State how many lines in the following entries contain the word "auto". No other output.

* **Data shown**
....

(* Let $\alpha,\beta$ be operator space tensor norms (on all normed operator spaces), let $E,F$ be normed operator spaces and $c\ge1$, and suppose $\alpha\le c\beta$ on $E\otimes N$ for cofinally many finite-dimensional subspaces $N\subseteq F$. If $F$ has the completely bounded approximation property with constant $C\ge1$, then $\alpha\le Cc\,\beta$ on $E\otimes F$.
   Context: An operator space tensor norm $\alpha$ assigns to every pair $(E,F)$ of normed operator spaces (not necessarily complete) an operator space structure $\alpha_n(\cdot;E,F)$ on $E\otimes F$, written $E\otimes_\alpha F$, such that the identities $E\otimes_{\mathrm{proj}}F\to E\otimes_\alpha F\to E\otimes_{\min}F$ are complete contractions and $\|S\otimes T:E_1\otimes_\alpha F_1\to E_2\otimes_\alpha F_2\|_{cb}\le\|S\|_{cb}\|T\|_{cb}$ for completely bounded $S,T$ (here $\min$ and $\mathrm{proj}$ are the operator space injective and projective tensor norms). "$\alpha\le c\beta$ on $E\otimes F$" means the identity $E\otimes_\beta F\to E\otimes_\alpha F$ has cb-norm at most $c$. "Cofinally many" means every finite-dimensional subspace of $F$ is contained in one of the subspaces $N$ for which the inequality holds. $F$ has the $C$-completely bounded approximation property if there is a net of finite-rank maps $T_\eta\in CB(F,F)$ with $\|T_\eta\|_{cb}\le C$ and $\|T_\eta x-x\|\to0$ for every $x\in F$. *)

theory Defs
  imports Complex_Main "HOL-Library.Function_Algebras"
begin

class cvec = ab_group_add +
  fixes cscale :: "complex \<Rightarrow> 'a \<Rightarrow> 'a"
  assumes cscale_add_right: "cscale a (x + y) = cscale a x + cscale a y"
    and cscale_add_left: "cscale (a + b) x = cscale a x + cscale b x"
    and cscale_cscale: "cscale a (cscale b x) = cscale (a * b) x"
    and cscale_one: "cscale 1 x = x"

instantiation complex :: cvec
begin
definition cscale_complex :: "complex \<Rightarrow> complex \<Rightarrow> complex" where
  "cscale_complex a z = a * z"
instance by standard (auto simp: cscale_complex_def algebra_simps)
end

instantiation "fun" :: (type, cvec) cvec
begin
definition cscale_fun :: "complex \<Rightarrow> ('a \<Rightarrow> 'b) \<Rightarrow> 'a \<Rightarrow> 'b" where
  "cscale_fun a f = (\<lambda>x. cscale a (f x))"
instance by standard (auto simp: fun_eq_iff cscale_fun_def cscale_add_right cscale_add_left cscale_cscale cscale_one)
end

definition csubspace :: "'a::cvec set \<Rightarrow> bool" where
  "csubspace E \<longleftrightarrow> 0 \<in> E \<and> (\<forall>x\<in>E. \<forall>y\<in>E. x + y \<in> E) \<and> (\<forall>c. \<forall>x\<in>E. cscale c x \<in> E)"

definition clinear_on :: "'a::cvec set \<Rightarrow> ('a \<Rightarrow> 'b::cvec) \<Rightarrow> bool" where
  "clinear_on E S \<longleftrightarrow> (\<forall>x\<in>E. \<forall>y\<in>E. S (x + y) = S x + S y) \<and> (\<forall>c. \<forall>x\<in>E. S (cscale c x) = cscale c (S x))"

....

* **Task solution**
2